§ EXTRACTED INFORMATION

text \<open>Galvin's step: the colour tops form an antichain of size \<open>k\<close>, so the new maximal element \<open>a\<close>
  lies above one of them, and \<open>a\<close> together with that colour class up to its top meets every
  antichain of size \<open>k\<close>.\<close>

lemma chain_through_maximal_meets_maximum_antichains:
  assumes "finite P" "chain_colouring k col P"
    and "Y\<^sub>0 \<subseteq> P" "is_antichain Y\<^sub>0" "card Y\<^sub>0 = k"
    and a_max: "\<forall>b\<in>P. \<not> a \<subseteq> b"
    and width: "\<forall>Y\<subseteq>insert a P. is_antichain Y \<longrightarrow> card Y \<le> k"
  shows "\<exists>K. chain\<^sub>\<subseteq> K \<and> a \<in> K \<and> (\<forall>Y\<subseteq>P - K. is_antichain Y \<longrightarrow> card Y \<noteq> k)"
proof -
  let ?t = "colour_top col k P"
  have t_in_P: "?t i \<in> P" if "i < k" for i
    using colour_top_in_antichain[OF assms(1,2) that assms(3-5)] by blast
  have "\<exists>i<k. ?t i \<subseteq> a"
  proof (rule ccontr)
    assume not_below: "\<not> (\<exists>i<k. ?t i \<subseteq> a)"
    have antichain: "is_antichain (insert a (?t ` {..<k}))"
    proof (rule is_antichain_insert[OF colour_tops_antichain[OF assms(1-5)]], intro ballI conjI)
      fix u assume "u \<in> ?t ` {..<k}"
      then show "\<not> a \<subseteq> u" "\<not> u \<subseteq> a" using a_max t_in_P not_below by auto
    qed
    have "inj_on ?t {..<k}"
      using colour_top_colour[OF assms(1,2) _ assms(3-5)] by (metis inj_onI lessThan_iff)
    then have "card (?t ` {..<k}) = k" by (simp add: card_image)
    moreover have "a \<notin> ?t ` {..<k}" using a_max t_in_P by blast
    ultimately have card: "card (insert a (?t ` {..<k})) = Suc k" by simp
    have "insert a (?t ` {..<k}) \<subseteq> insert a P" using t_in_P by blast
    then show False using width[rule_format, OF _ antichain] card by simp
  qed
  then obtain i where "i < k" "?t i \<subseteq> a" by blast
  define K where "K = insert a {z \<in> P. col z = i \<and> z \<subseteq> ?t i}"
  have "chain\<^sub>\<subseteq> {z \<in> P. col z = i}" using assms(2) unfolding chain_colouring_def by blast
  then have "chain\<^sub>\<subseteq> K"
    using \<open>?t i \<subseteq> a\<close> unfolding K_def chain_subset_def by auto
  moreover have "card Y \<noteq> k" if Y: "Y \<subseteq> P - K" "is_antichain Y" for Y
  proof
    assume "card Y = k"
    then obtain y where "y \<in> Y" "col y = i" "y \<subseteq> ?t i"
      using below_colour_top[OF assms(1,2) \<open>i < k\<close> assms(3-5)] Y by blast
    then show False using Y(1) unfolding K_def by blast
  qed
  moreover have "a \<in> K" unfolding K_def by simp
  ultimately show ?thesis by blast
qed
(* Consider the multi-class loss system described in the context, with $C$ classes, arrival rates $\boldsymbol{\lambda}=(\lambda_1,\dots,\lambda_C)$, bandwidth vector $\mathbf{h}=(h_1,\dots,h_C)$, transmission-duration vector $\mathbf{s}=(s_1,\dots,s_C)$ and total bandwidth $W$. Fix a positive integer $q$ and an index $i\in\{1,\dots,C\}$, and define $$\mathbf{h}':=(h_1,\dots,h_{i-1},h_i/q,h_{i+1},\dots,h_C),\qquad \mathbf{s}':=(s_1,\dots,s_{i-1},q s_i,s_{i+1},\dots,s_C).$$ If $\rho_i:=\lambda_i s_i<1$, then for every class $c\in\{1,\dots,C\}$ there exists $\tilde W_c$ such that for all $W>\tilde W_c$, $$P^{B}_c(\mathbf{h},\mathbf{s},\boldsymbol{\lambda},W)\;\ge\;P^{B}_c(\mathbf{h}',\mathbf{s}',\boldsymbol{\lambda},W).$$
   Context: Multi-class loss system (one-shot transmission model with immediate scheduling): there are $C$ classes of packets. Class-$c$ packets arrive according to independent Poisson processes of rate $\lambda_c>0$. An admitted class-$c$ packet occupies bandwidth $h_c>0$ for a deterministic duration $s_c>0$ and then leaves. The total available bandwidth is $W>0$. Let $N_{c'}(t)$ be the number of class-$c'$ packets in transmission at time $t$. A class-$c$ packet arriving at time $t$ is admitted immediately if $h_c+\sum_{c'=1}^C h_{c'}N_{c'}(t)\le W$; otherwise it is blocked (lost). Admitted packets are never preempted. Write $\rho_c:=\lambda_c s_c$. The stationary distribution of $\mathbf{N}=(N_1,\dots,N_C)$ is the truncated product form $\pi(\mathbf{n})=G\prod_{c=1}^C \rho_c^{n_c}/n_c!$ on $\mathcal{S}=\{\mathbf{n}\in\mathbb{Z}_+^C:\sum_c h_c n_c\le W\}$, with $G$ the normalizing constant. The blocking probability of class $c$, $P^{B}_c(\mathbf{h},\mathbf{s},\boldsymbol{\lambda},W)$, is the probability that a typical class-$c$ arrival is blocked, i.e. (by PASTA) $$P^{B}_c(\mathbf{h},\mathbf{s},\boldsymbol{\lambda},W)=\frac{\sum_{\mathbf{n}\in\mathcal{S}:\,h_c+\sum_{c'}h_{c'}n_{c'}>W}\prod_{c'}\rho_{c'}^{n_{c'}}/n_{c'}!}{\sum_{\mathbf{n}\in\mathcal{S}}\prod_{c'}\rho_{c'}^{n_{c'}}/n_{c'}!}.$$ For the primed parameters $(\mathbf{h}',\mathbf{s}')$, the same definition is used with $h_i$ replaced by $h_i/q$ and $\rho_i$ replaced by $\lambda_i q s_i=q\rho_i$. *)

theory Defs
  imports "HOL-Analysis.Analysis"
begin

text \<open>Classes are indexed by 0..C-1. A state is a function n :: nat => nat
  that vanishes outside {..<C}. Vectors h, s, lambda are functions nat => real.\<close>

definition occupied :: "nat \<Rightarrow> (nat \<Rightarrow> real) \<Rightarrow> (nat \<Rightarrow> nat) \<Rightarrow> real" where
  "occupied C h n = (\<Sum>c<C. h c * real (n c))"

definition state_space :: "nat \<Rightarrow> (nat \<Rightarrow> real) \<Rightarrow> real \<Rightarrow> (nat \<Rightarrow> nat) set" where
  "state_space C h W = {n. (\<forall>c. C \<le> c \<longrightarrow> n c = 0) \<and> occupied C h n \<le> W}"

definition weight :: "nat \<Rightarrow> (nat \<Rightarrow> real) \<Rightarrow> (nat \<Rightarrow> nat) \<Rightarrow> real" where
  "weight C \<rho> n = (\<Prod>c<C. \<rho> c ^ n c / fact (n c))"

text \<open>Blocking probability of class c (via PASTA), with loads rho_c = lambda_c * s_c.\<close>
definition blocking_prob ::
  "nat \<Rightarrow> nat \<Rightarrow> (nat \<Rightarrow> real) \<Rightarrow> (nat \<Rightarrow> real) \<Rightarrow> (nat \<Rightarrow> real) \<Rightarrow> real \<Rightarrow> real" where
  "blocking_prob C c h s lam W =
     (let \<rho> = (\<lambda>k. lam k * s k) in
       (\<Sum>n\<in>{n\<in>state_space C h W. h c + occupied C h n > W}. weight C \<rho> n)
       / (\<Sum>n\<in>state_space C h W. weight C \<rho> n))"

§ TASK ITEM
Going back to the entries above, set down exactly the lines that begin at the one with "antichain of size \<open>k\<close>.\<close>" and end at the one with "a P. is_antichain", both included, and nothing else.

§ SOLUTION TO THIS PROBLEM
  antichain of size \<open>k\<close>.\<close>

lemma chain_through_maximal_meets_maximum_antichains:
  assumes "finite P" "chain_colouring k col P"
    and "Y\<^sub>0 \<subseteq> P" "is_antichain Y\<^sub>0" "card Y\<^sub>0 = k"
    and a_max: "\<forall>b\<in>P. \<not> a \<subseteq> b"
    and width: "\<forall>Y\<subseteq>insert a P. is_antichain Y \<longrightarrow> card Y \<le> k"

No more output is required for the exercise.